##### SUPPLIED MATERIAL #####

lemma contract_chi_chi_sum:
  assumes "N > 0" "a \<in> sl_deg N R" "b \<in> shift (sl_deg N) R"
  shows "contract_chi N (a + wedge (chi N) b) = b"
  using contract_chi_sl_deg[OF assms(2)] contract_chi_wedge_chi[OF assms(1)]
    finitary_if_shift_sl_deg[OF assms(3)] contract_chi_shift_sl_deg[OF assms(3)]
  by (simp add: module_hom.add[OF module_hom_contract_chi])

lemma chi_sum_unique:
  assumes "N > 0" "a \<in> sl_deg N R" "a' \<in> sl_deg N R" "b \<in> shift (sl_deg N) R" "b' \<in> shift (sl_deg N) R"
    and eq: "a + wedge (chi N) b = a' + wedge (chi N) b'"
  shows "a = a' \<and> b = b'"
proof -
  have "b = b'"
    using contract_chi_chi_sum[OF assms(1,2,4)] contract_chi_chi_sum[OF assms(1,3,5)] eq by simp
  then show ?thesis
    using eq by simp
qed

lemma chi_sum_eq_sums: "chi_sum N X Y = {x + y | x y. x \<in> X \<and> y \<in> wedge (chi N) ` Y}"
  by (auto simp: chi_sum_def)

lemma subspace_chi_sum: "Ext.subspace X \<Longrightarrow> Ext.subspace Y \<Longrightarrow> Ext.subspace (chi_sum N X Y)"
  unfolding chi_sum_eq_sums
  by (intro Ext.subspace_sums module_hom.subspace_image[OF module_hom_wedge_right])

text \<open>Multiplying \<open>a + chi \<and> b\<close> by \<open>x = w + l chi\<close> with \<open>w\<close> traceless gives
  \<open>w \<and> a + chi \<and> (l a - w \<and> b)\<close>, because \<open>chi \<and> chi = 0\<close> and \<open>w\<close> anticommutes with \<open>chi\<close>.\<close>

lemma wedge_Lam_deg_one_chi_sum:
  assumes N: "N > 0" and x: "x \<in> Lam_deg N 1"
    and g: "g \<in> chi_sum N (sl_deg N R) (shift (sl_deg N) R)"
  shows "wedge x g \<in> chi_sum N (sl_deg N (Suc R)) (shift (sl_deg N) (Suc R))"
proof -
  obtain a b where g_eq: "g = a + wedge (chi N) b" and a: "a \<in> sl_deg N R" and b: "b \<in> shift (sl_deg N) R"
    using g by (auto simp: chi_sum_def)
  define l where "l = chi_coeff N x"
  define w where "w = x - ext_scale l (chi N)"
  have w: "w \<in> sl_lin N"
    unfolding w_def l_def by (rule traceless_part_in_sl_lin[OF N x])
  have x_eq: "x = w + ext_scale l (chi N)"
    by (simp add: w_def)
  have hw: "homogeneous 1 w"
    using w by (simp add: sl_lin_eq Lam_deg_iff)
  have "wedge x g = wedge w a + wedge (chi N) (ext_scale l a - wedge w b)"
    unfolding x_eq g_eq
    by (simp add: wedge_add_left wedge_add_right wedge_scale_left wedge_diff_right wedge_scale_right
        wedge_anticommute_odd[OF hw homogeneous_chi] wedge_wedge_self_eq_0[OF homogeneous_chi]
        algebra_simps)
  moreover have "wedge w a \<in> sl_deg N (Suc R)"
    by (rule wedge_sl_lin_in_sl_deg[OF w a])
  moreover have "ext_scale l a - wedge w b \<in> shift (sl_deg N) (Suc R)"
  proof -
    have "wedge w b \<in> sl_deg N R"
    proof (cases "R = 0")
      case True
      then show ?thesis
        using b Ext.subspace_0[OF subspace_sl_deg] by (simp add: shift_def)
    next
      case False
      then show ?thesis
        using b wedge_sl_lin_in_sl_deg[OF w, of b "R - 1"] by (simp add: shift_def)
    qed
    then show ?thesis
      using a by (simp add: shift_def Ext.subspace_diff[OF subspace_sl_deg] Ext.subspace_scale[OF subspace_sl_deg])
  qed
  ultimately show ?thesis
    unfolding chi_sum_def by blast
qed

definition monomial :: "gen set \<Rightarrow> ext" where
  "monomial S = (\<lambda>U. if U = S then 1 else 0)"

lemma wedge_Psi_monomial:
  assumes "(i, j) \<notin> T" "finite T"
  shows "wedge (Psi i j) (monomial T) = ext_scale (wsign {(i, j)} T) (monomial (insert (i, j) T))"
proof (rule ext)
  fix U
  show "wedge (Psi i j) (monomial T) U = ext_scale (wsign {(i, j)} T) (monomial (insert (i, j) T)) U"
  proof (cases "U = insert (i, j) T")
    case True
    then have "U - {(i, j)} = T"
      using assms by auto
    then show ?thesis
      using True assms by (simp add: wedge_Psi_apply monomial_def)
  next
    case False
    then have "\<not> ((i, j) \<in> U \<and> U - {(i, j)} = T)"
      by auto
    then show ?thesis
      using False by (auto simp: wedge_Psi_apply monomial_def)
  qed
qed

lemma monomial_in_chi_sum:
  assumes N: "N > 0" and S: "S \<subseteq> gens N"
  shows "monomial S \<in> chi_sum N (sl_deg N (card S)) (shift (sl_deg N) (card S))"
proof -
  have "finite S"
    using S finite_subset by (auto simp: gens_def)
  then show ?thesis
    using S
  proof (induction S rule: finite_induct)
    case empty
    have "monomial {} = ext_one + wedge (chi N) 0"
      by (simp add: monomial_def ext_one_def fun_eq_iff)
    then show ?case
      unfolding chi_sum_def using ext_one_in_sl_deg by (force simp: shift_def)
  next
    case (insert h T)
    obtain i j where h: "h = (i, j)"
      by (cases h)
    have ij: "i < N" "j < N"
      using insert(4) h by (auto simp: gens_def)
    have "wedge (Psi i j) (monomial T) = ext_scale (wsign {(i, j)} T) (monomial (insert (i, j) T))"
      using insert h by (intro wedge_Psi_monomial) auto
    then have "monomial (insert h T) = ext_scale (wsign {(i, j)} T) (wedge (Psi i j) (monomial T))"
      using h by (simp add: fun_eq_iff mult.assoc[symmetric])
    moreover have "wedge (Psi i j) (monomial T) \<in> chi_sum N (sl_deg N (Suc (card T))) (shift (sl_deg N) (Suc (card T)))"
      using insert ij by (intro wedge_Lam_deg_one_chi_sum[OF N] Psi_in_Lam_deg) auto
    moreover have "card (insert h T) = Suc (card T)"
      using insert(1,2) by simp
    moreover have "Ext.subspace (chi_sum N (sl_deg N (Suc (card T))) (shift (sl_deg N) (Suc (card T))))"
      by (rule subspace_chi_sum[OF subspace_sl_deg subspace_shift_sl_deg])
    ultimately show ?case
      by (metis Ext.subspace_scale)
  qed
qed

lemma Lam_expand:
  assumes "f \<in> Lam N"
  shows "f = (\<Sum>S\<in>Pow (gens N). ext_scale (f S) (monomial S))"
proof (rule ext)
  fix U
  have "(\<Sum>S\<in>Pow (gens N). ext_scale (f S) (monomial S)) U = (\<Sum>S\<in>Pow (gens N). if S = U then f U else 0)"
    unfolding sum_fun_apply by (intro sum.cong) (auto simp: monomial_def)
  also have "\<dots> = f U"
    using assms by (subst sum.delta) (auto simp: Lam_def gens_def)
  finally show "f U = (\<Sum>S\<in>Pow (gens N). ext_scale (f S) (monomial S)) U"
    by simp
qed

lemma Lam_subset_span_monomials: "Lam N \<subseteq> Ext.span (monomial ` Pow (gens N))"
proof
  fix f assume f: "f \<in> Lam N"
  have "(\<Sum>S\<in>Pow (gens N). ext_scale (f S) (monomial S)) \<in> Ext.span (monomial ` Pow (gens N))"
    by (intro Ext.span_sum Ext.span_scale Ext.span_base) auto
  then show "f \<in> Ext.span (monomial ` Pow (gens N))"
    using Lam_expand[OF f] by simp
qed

#####
##### SUPPLIED MATERIAL #####

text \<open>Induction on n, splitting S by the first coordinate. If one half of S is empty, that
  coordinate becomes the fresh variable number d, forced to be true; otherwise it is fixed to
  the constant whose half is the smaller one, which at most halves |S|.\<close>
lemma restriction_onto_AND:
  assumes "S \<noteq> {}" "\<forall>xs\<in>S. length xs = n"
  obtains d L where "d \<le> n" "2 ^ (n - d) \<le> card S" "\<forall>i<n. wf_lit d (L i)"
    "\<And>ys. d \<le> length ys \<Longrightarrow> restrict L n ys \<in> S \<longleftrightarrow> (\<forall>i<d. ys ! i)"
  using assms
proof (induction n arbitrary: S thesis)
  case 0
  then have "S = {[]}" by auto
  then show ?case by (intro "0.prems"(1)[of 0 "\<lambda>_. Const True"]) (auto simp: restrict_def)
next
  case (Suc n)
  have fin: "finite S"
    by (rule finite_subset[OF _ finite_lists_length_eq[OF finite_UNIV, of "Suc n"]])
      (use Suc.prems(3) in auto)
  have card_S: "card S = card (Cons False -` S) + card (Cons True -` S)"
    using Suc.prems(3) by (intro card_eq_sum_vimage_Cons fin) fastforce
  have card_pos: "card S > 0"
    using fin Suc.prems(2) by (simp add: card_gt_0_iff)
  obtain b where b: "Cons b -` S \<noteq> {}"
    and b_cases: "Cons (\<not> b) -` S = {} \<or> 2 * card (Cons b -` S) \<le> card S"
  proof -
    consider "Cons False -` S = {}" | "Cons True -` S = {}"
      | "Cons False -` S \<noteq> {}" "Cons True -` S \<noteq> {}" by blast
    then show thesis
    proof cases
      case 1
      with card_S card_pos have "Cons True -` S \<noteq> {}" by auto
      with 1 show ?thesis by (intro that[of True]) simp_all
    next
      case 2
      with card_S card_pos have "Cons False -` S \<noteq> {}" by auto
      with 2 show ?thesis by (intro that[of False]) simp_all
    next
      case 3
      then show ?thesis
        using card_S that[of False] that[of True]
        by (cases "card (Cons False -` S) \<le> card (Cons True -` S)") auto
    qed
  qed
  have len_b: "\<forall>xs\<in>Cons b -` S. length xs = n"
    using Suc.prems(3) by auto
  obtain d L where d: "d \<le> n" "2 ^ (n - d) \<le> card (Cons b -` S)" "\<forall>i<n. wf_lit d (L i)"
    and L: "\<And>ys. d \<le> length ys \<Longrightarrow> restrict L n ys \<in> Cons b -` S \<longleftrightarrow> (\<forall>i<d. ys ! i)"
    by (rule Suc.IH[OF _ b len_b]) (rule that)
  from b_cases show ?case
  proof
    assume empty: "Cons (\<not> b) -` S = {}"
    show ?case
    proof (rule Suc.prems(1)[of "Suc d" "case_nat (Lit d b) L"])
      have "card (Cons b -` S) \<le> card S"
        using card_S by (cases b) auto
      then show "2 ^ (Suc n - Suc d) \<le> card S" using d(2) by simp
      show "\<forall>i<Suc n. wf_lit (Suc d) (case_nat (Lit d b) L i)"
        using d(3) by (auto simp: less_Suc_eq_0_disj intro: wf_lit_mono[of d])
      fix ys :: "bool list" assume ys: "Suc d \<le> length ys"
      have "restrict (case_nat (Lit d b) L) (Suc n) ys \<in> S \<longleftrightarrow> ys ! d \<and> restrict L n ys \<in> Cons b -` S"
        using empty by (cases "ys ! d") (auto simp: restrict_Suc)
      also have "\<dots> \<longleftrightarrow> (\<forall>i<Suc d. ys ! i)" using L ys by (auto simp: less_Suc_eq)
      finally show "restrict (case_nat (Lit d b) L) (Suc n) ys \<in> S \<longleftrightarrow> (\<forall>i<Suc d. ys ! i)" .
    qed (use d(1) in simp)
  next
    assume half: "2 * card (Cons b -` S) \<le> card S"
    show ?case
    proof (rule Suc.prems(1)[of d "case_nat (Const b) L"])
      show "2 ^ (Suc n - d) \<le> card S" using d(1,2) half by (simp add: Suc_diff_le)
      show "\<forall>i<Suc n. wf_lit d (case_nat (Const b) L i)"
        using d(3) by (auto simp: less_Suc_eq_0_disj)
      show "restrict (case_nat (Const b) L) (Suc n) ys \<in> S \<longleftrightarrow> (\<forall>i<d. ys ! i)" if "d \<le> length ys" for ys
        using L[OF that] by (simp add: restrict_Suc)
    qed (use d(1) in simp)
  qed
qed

#####
##### SUPPLIED MATERIAL #####

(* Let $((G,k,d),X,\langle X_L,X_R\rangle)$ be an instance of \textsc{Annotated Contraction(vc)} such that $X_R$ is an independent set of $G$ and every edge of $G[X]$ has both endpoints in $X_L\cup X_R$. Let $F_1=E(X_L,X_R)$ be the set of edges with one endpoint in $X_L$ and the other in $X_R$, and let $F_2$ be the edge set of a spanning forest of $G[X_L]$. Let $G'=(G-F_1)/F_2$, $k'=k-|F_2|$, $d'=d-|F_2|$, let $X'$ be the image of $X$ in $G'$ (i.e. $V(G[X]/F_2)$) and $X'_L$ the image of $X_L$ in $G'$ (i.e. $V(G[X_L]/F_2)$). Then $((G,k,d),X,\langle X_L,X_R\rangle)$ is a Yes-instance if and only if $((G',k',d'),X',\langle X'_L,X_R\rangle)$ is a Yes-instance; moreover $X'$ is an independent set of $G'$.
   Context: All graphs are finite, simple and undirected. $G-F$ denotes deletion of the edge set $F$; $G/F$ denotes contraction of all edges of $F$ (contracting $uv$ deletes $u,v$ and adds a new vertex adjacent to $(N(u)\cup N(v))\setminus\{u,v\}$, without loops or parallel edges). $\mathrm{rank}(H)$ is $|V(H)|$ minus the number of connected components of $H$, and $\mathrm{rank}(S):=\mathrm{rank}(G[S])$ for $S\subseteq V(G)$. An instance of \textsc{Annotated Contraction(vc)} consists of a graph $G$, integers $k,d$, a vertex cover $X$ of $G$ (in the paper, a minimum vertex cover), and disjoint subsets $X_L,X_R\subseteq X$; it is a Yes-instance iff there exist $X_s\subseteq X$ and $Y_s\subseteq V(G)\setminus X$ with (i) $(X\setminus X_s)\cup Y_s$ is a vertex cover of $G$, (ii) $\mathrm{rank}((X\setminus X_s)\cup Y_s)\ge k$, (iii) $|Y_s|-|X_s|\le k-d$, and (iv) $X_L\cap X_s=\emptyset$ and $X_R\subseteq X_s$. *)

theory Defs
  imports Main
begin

#####

Once you have read through the entries, say how many of their lines include the string "open" and give nothing but that number.

3